Another headline-related project follows up on studies showing that cinnamon may improve memory and learning. Pharmaceutical sciences major Hanh Pham is tinkering with fruit flies and a maze to narrow down which compounds in the spice might be most effective.

National Role Model

Thanks largely to UROP, “close to 50 percent of all students graduating from UCI in recent years have participated in independent or group research projects,” says program director Shokair.

That track record has spurred considerable admiration and attracted federal funding. “We’ve been a national model for centralized undergraduate research programs,” he says. “And we’ve consulted with and assisted four other UC campuses launching similar ventures.”

A key factor behind the success of UCI’s endeavor is Shokair himself.

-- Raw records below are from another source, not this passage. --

(* Assume (A1), (A2), (A3) and that $u_0:\mathbb{T}^d\to\mathbb{R}$ is Lipschitz continuous. Let $u\in C(\overline{Q_T})$ be a viscosity solution of $\partial_t^\alpha u+H(t,x,u,Du)=0$ in $Q_T$, $u(0,\cdot)=u_0$. Then there exists a constant $M>0$ depending only on $H$, $u_0$, $\alpha$ and $T$ such that $|u(t,x)-u_0(x)|\le Mt^\alpha$ for all $(t,x)\in\overline{Q_T}$.
   Context: Fix $d\ge1$, $T>0$, $\alpha\in(0,1)$. $\mathbb{T}^d=\mathbb{R}^d/\mathbb{Z}^d$; functions on $[0,T]\times\mathbb{T}^d$ are identified with functions on $[0,T]\times\mathbb{R}^d$ $\mathbb{Z}^d$-periodic in $x$. $Q_T=(0,T]\times\mathbb{T}^d$, $\overline{Q_T}=[0,T]\times\mathbb{T}^d$; $D$ spatial gradient; $\partial_t^\alpha$ Caputo's derivative $(\partial_t^\alpha f)(t)=\frac{1}{\Gamma(1-\alpha)}\int_0^t f'(s)(t-s)^{-\alpha}ds$. $H:\overline{Q_T}\times\mathbb{R}\times\mathbb{R}^d\to\mathbb{R}$. Assumptions: (A1) $H$ continuous. (A2) there is a modulus $\omega$ with $|H(t,x,r,p)-H(t,y,r,p)|\le\omega(|x-y|(1+|p|))$ for all $t\in[0,T]$, $x,y\in\mathbb{R}^d$, $r\in\mathbb{R}$, $p\in\mathbb{R}^d$. (A3) $r\mapsto H(t,x,r,p)$ nondecreasing. $\mathcal{C}^1([a,b]\times O)=\{\phi\in C^1((a,b]\times O)\cap C([a,b]\times O):\partial_t\phi(\cdot,x)\in L^1(a,b)\ \forall x\in O\}$. For measurable $f(t,x)$, $t\in(0,T]$, $r\in[0,t]$: $J_r[f](t,x)=\frac{\alpha}{\Gamma(1-\alpha)}\int_0^r (f(t,x)-f(t-\tau,x))\tau^{-\alpha-1}d\tau$, $K_r[f](t,x)=\frac{f(t,x)-f(0,x)}{t^\alpha\Gamma(1-\alpha)}+\frac{\alpha}{\Gamma(1-\alpha)}\int_r^t (f(t,x)-f(t-\tau,x))\tau^{-\alpha-1}d\tau$ (improper at lower limit $0$). Viscosity sub/supersolution: $u\in USC(\overline{Q_T})$ (resp. $LSC$) such that for all $a<b$ in $[0,T]$, every open ball $B\subset\mathbb{R}^d$, every $\phi\in\mathcal{C}^1([0,T]\times\mathbb{R}^d)$ and every $(\hat t,\hat x)\in(a,b]\times B$ where $u-\phi$ attains its maximum (resp. minimum) over $[a,b]\times\overline B$: $J_{\hat t-a}[\phi](\hat t,\hat x)+K_{\hat t-a}[u](\hat t,\hat x)+H(\hat t,\hat x,u(\hat t,\hat x),D\phi(\hat t,\hat x))\le0$ (resp. $\ge0$). A viscosity solution of the initial value problem is $u\in C(\overline{Q_T})$ that is both, with $u(0,\cdot)=u_0$. *)

theory Defs
  imports "HOL-Analysis.Analysis"
begin

text \<open>Points of the d-dimensional space are vectors of type real^'n (d = CARD('n)).
Functions on [0,T] x T^d are functions on [0,T] x R^d that are Z^d-periodic in x.\<close>

definition int_vec :: "real^'n \<Rightarrow> bool" where
  "int_vec z \<longleftrightarrow> (\<forall>i. z $ i \<in> \<int>)"

definition periodic_x :: "(real \<Rightarrow> real^'n \<Rightarrow> real) \<Rightarrow> bool" where
  "periodic_x f \<longleftrightarrow> (\<forall>t x z. int_vec z \<longrightarrow> f t (x + z) = f t x)"

definition upper_semicont_on :: "('a::metric_space) set \<Rightarrow> ('a \<Rightarrow> real) \<Rightarrow> bool" where
  "upper_semicont_on S f \<longleftrightarrow>
     (\<forall>p\<in>S. \<forall>e>0. \<exists>\<delta>>0. \<forall>q\<in>S. dist q p < \<delta> \<longrightarrow> f q < f p + e)"

definition lower_semicont_on :: "('a::metric_space) set \<Rightarrow> ('a \<Rightarrow> real) \<Rightarrow> bool" where
  "lower_semicont_on S f \<longleftrightarrow>
     (\<forall>p\<in>S. \<forall>e>0. \<exists>\<delta>>0. \<forall>q\<in>S. dist q p < \<delta> \<longrightarrow> f p - e < f q)"

definition is_modulus :: "(real \<Rightarrow> real) \<Rightarrow> bool" where
  "is_modulus \<omega> \<longleftrightarrow> \<omega> 0 = 0 \<and> (\<forall>s\<ge>0. \<omega> s \<ge> 0) \<and> mono_on {0..} \<omega> \<and>
     (\<omega> \<longlongrightarrow> 0) (at_right 0)"

definition test_fun :: "real \<Rightarrow> (real \<Rightarrow> real^'n \<Rightarrow> real) \<Rightarrow> (real \<Rightarrow> real^'n \<Rightarrow> real)
    \<Rightarrow> (real \<Rightarrow> real^'n \<Rightarrow> real^'n) \<Rightarrow> bool" where
  "test_fun T \<phi> \<phi>t D\<phi> \<longleftrightarrow>
     continuous_on ({0..T} \<times> UNIV) (\<lambda>(t,x). \<phi> t x) \<and>
     (\<forall>t\<in>{0<..T}. \<forall>x. ((\<lambda>(s,y). \<phi> s y) has_derivative (\<lambda>(h,k). h * \<phi>t t x + D\<phi> t x \<bullet> k))
         (at (t,x) within ({0<..T} \<times> UNIV))) \<and>
     continuous_on ({0<..T} \<times> UNIV) (\<lambda>(t,x). \<phi>t t x) \<and>
     continuous_on ({0<..T} \<times> UNIV) (\<lambda>(t,x). D\<phi> t x) \<and>
     (\<forall>x. (\<lambda>t. \<phi>t t x) absolutely_integrable_on {0..T})"

definition Jop :: "real \<Rightarrow> real \<Rightarrow> (real \<Rightarrow> real^'n \<Rightarrow> real) \<Rightarrow> real \<Rightarrow> real^'n \<Rightarrow> real" where
  "Jop \<alpha> r f t x = \<alpha> / Gamma (1 - \<alpha>) *
     integral {0..r} (\<lambda>\<tau>. (f t x - f (t - \<tau>) x) * \<tau> powr (- \<alpha> - 1))"

definition Kop :: "real \<Rightarrow> real \<Rightarrow> (real \<Rightarrow> real^'n \<Rightarrow> real) \<Rightarrow> real \<Rightarrow> real^'n \<Rightarrow> real" where
  "Kop \<alpha> r f t x = (f t x - f 0 x) / (t powr \<alpha> * Gamma (1 - \<alpha>)) +
     \<alpha> / Gamma (1 - \<alpha>) * integral {r..t} (\<lambda>\<tau>. (f t x - f (t - \<tau>) x) * \<tau> powr (- \<alpha> - 1))"

type_synonym 'n hamiltonian = "real \<Rightarrow> real^'n \<Rightarrow> real \<Rightarrow> real^'n \<Rightarrow> real"

definition visc_subsol :: "real \<Rightarrow> real \<Rightarrow> 'n hamiltonian \<Rightarrow> (real \<Rightarrow> real^'n \<Rightarrow> real) \<Rightarrow> bool" where
  "visc_subsol \<alpha> T H u \<longleftrightarrow>
     periodic_x u \<and> upper_semicont_on ({0..T} \<times> UNIV) (\<lambda>(t,x). u t x) \<and>
     (\<forall>a b c \<rho> \<phi> \<phi>t D\<phi> th xh.
        0 \<le> a \<and> a < b \<and> b \<le> T \<and> test_fun T \<phi> \<phi>t D\<phi> \<and>
        th \<in> {a<..b} \<and> xh \<in> ball c \<rho> \<and>
        (\<forall>s\<in>{a..b}. \<forall>y\<in>closure (ball c \<rho>). u s y - \<phi> s y \<le> u th xh - \<phi> th xh)
        \<longrightarrow> Jop \<alpha> (th - a) \<phi> th xh + Kop \<alpha> (th - a) u th xh + H th xh (u th xh) (D\<phi> th xh) \<le> 0)"

definition visc_supersol :: "real \<Rightarrow> real \<Rightarrow> 'n hamiltonian \<Rightarrow> (real \<Rightarrow> real^'n \<Rightarrow> real) \<Rightarrow> bool" where
  "visc_supersol \<alpha> T H u \<longleftrightarrow>
     periodic_x u \<and> lower_semicont_on ({0..T} \<times> UNIV) (\<lambda>(t,x). u t x) \<and>
     (\<forall>a b c \<rho> \<phi> \<phi>t D\<phi> th xh.
        0 \<le> a \<and> a < b \<and> b \<le> T \<and> test_fun T \<phi> \<phi>t D\<phi> \<and>
        th \<in> {a<..b} \<and> xh \<in> ball c \<rho> \<and>
        (\<forall>s\<in>{a..b}. \<forall>y\<in>closure (ball c \<rho>). u s y - \<phi> s y \<ge> u th xh - \<phi> th xh)
        \<longrightarrow> Jop \<alpha> (th - a) \<phi> th xh + Kop \<alpha> (th - a) u th xh + H th xh (u th xh) (D\<phi> th xh) \<ge> 0)"

definition visc_sol :: "real \<Rightarrow> real \<Rightarrow> 'n hamiltonian \<Rightarrow> (real^'n \<Rightarrow> real) \<Rightarrow> (real \<Rightarrow> real^'n \<Rightarrow> real) \<Rightarrow> bool" where
  "visc_sol \<alpha> T H u0 u \<longleftrightarrow>
     continuous_on ({0..T} \<times> UNIV) (\<lambda>(t,x). u t x) \<and>
     visc_subsol \<alpha> T H u \<and> visc_supersol \<alpha> T H u \<and> (\<forall>x. u 0 x = u0 x)"

end

theory Submission
  imports Defs
begin

text \<open>Suppose \<open>u(t,x) - u\<^sub>0(x) > M t\<^sup>\<alpha>\<close> somewhere, with \<open>M > C \<Gamma>(1-\<alpha>)\<close>, where \<open>-C\<close> bounds
  \<open>H\<close> from below on the relevant range (periodicity and continuity make that range compact, and
  monotonicity in \<open>r\<close> extends the bound to all larger \<open>r\<close>). Subtract the barrier
  \<open>u\<^sub>0(x\<^sub>0) + L\<surd>(|x - x\<^sub>0|\<^sup>2 + \<eta>\<^sup>2) + M t\<^sup>\<alpha>\<close>: the difference has a positive maximum, which lies in a
  ball since \<open>u\<close> is bounded and at a positive time since \<open>u\<^sub>0\<close> is \<open>L\<close>-Lipschitz. There the
  subsolution inequality with \<open>a = 0\<close> applies; \<open>J\<close> is nonnegative because the barrier increases in
  time and \<open>K\<close> is the quotient \<open>(u(t) - u\<^sub>0)/(t\<^sup>\<alpha>\<Gamma>(1-\<alpha>))\<close>, so \<open>u - u\<^sub>0 \<le> C \<Gamma>(1-\<alpha>) t\<^sup>\<alpha>\<close> at that
  point, contradicting the choice of \<open>M\<close>. The lower bound is the same argument for \<open>-u\<close>,
  a subsolution for \<open>-H(t,x,-r,-p)\<close>.\<close>

definition smooth_dist :: "real \<Rightarrow> real^'n \<Rightarrow> real^'n \<Rightarrow> real" where
  "smooth_dist \<eta> x0 x = sqrt ((x - x0) \<bullet> (x - x0) + \<eta>\<^sup>2)"

text \<open>The smoothed distance makes the barrier an admissible \<open>C\<^sup>1\<close> test function.\<close>
definition barrier :: "real \<Rightarrow> real \<Rightarrow> real \<Rightarrow> real^'n \<Rightarrow> real \<Rightarrow> real \<Rightarrow> real \<Rightarrow> real^'n \<Rightarrow> real" where
  "barrier \<alpha> L M x0 c0 \<eta> t x = c0 + L * smooth_dist \<eta> x0 x + M * t powr \<alpha>"

definition barrier_dt :: "real \<Rightarrow> real \<Rightarrow> real \<Rightarrow> real^'n \<Rightarrow> real" where
  "barrier_dt \<alpha> M t x = M * (\<alpha> * t powr (\<alpha> - 1))"

definition barrier_grad :: "real \<Rightarrow> real^'n \<Rightarrow> real \<Rightarrow> real \<Rightarrow> real^'n \<Rightarrow> real^'n" where
  "barrier_grad L x0 \<eta> t x = (L / smooth_dist \<eta> x0 x) *\<^sub>R (x - x0)"

lemma smooth_dist_pos: "\<eta> > 0 \<Longrightarrow> smooth_dist \<eta> x0 x > 0"
  unfolding smooth_dist_def by (simp add: add_nonneg_pos)

lemma smooth_dist_center: "\<eta> \<ge> 0 \<Longrightarrow> smooth_dist \<eta> x0 x0 = \<eta>"
  unfolding smooth_dist_def by simp

lemma norm_le_smooth_dist: "norm (x - x0) \<le> smooth_dist \<eta> x0 x"
  unfolding smooth_dist_def norm_eq_sqrt_inner by (rule real_sqrt_le_mono) simp

lemma lipschitz_le_smooth_dist:
  assumes "\<forall>x y. \<bar>g x - g y\<bar> \<le> L * norm (x - y)" and "L \<ge> 0"
  shows "g x \<le> g x0 + L * smooth_dist \<eta> x0 x"
proof -
  have "g x - g x0 \<le> L * norm (x - x0)" using assms(1) by (metis abs_le_D1)
  also have "\<dots> \<le> L * smooth_dist \<eta> x0 x" by (rule mult_left_mono[OF norm_le_smooth_dist assms(2)])
  finally show ?thesis by simp
qed

lemma norm_barrier_grad_le: "L \<ge> 0 \<Longrightarrow> \<eta> > 0 \<Longrightarrow> norm (barrier_grad L x0 \<eta> t x) \<le> L"
  using smooth_dist_pos[of \<eta> x0 x] norm_le_smooth_dist[of x x0 \<eta>]
  by (simp add: barrier_grad_def divide_le_eq mult.commute mult_left_mono)

lemma visc_subsolD:
  assumes "visc_subsol \<alpha> T H u" and "0 \<le> a" "a < b" "b \<le> T" and "test_fun T \<phi> \<phi>t D\<phi>"
    and "th \<in> {a<..b}" "xh \<in> ball c \<rho>"
    and "\<forall>s\<in>{a..b}. \<forall>y\<in>closure (ball c \<rho>). u s y - \<phi> s y \<le> u th xh - \<phi> th xh"
  shows "Jop \<alpha> (th - a) \<phi> th xh + Kop \<alpha> (th - a) u th xh + H th xh (u th xh) (D\<phi> th xh) \<le> 0"
  using assms unfolding visc_subsol_def by blast

lemma visc_supersolD:
  assumes "visc_supersol \<alpha> T H u" and "0 \<le> a" "a < b" "b \<le> T" and "test_fun T \<phi> \<phi>t D\<phi>"
    and "th \<in> {a<..b}" "xh \<in> ball c \<rho>"
    and "\<forall>s\<in>{a..b}. \<forall>y\<in>closure (ball c \<rho>). u s y - \<phi> s y \<ge> u th xh - \<phi> th xh"
  shows "Jop \<alpha> (th - a) \<phi> th xh + Kop \<alpha> (th - a) u th xh + H th xh (u th xh) (D\<phi> th xh) \<ge> 0"
  using assms unfolding visc_supersol_def by blast

lemma test_fun_barrier:
  fixes x0 :: "real^'n"
  assumes "0 < \<alpha>" "\<alpha> < 1" and "\<eta> > 0"
  shows "test_fun T (barrier \<alpha> L M x0 c0 \<eta>) (barrier_dt \<alpha> M) (barrier_grad L x0 \<eta>)"
  unfolding test_fun_def
proof (intro conjI ballI allI)
  show "continuous_on ({0..T} \<times> UNIV) (\<lambda>(t,x). barrier \<alpha> L M x0 c0 \<eta> t x)"
    using assms(1) unfolding barrier_def smooth_dist_def split_beta
    by (auto intro!: continuous_intros continuous_on_powr')
  show "continuous_on ({0<..T} \<times> UNIV) (\<lambda>(t,x). barrier_dt \<alpha> M t x)"
    unfolding barrier_dt_def split_beta by (auto intro!: continuous_intros)
  show "continuous_on ({0<..T} \<times> UNIV) (\<lambda>(t,x). barrier_grad L x0 \<eta> t x)"
    using assms(3) unfolding barrier_grad_def smooth_dist_def split_beta
    by (auto intro!: continuous_intros simp: add_nonneg_eq_0_iff)
  fix x :: "real^'n"
  have "(\<lambda>t. t powr (\<alpha> - 1)) integrable_on {0..T}"
    using has_integral_powr_from_0[of "\<alpha> - 1" T] assms(1) by (cases "T \<ge> 0") (auto simp: integrable_on_def)
  then have "(\<lambda>t. t powr (\<alpha> - 1)) absolutely_integrable_on {0..T}"
    by (rule nonnegative_absolutely_integrable_1) auto
  then show "(\<lambda>t. barrier_dt \<alpha> M t x) absolutely_integrable_on {0..T}"
    using absolutely_integrable_scaleR_left[of _ _ "M * \<alpha>"] by (simp add: barrier_dt_def mult.assoc)
next
  fix t x assume "t \<in> {0<..T}"
  then show "((\<lambda>(s,y). barrier \<alpha> L M x0 c0 \<eta> s y) has_derivative
      (\<lambda>(h,k). h * barrier_dt \<alpha> M t x + barrier_grad L x0 \<eta> t x \<bullet> k)) (at (t,x) within ({0<..T} \<times> UNIV))"
    using assms(3) unfolding barrier_def barrier_dt_def barrier_grad_def smooth_dist_def split_beta
    by (auto intro!: derivative_eq_intros simp: add_nonneg_pos)
      (auto simp: fun_eq_iff inner_commute powr_diff field_simps)
qed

With his no-holds-barred style and infectious energy, UROP’s guiding light prods, chastises, praises and challenges his young charges.

Alumnus Jordan Sinclair, a software designer and developer, says Shokair’s approach was the perfect antidote to a bout of career indecision: “He asked me the right questions, the hard questions. He saw right through the BS, forcing some serious introspection.”

Born in Syria, Shokair graduated from UCI in 1990 with a degree in electrical engineering. After working as a math counselor on campus, he helped craft the proposal for what is now UROP and became its founding director.

From the beginning, he’s made it his mission to shake up how people learn. “For too long, we have taught students how to memorize, how to master standardized tests,” Shokair says. “We condition them to focus on the process, to wait to be taught.”

UROP’s goal, he says, is to shift undergraduates “from dependent learners to independent learners.”

At a Glance: UROP 2015-16

  • Students: 2,500
  • Grants: Nearly $1 million
    (not including funding from federal agencies)
  • Faculty mentors: 450
  • Research projects showcased at annual symposium: 711
  • Research projects since 1995 founding: 15,000
  • Alumni: 20,000

Anna Lynn Spitzer contributed to this story.